[Your objective] Each line below from the one containing "lborel (d v)" through the one containing "(\<forall>u\<in>F. w' v" should be output exactly as it stands, and no other line should appear.

• • • • •

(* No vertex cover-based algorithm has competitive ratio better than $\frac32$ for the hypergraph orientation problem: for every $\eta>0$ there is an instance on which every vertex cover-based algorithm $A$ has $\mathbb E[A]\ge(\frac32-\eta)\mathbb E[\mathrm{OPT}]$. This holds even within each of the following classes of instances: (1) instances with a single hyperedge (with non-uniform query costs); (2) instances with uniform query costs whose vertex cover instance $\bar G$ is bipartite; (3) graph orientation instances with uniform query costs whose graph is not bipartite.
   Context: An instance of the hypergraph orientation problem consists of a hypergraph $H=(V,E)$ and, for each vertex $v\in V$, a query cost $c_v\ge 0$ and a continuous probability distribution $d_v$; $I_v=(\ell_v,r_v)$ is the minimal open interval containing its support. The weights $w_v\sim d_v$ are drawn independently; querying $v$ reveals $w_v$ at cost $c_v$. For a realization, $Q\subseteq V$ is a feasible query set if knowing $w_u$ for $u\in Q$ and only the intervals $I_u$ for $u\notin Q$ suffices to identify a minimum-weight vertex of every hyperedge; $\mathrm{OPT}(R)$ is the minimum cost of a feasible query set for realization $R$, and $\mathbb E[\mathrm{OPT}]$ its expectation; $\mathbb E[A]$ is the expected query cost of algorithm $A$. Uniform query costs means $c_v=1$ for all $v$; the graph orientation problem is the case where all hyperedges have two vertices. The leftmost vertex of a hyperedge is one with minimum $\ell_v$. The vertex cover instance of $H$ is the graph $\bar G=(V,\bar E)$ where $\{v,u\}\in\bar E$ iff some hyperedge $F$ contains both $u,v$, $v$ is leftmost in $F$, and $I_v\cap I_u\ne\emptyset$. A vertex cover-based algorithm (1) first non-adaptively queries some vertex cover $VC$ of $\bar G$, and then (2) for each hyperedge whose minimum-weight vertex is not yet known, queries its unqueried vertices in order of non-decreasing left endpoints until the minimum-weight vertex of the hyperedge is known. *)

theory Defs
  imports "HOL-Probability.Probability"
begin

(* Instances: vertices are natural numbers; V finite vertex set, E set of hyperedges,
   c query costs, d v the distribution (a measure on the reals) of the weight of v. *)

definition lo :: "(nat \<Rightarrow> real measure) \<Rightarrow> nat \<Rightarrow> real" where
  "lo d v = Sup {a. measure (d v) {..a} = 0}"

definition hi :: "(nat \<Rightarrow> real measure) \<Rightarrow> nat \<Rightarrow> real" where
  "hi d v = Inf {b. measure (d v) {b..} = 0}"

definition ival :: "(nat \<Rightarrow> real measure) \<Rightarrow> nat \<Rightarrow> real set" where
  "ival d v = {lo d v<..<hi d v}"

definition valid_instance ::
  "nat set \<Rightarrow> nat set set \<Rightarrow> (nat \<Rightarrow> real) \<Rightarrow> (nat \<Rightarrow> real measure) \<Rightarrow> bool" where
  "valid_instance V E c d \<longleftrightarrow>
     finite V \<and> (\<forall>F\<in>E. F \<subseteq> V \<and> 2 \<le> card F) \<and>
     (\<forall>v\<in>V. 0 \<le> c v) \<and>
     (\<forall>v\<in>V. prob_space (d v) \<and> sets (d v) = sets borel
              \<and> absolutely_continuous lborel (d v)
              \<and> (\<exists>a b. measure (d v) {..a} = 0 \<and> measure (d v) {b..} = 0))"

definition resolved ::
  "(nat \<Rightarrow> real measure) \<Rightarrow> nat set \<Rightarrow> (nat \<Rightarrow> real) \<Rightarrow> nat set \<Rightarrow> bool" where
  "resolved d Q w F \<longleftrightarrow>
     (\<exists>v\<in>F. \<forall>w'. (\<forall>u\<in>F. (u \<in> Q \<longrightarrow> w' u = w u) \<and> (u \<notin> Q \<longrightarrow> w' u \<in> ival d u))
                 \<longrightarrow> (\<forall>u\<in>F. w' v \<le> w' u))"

• • • • •

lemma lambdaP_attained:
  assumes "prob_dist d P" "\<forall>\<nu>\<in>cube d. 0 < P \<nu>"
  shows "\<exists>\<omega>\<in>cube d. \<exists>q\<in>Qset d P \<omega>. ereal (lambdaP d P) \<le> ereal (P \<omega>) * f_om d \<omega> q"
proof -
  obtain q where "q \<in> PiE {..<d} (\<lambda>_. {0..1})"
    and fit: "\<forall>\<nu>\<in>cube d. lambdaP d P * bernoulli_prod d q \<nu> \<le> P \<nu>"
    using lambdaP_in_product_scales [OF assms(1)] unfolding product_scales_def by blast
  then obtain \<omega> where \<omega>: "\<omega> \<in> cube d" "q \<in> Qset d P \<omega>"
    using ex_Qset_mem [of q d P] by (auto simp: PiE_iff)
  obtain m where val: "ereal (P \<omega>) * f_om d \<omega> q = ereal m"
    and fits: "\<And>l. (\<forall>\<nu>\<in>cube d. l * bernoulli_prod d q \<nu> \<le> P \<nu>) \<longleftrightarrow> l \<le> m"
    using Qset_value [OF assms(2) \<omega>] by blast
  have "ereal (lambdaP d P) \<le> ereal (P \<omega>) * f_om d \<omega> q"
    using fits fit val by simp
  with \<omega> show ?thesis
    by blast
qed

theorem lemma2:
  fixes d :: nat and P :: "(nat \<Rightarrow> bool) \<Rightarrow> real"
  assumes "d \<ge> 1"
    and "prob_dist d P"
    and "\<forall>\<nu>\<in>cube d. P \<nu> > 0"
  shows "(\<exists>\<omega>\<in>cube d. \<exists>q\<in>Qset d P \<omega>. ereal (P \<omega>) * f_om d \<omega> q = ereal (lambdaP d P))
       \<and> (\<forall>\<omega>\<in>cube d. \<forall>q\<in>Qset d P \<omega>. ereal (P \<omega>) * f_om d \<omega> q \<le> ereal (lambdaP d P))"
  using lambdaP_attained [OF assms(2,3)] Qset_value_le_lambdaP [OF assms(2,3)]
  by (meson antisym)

• • • • •

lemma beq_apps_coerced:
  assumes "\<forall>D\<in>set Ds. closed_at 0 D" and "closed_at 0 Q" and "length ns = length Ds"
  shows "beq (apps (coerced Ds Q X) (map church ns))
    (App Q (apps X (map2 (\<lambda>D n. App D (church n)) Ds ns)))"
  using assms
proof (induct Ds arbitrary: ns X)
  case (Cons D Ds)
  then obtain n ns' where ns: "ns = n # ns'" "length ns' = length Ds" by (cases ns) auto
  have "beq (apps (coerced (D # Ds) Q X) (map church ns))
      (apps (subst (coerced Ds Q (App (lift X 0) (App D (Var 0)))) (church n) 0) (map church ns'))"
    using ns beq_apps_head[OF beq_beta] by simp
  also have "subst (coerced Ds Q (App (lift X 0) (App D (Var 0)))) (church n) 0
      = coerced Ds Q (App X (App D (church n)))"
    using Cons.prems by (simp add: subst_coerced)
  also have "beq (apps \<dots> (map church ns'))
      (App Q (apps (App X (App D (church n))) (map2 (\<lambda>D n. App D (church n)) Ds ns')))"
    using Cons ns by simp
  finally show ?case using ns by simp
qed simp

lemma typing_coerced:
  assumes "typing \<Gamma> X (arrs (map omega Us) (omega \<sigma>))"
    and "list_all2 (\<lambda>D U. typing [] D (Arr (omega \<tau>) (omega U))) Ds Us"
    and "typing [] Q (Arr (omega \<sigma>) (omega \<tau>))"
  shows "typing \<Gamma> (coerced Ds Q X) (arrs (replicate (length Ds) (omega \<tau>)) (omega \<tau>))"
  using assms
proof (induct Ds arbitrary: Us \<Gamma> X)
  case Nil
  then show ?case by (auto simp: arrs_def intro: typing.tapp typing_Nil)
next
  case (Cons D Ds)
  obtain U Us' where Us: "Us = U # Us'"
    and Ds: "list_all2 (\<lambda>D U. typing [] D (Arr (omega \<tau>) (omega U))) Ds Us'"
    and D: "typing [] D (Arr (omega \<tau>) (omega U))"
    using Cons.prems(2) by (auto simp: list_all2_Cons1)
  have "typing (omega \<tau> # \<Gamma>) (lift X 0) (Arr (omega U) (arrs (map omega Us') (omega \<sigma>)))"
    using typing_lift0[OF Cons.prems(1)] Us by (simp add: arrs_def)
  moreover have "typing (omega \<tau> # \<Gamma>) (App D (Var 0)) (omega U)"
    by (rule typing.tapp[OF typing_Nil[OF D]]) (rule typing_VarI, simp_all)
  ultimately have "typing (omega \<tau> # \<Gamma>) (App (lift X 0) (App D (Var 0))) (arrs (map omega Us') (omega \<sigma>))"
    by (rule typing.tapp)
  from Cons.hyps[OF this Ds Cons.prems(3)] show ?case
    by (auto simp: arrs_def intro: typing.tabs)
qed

• • • • •

[Task result]
              \<and> absolutely_continuous lborel (d v)
              \<and> (\<exists>a b. measure (d v) {..a} = 0 \<and> measure (d v) {b..} = 0))"

definition resolved ::
  "(nat \<Rightarrow> real measure) \<Rightarrow> nat set \<Rightarrow> (nat \<Rightarrow> real) \<Rightarrow> nat set \<Rightarrow> bool" where
  "resolved d Q w F \<longleftrightarrow>
     (\<exists>v\<in>F. \<forall>w'. (\<forall>u\<in>F. (u \<in> Q \<longrightarrow> w' u = w u) \<and> (u \<notin> Q \<longrightarrow> w' u \<in> ival d u))
                 \<longrightarrow> (\<forall>u\<in>F. w' v \<le> w' u))"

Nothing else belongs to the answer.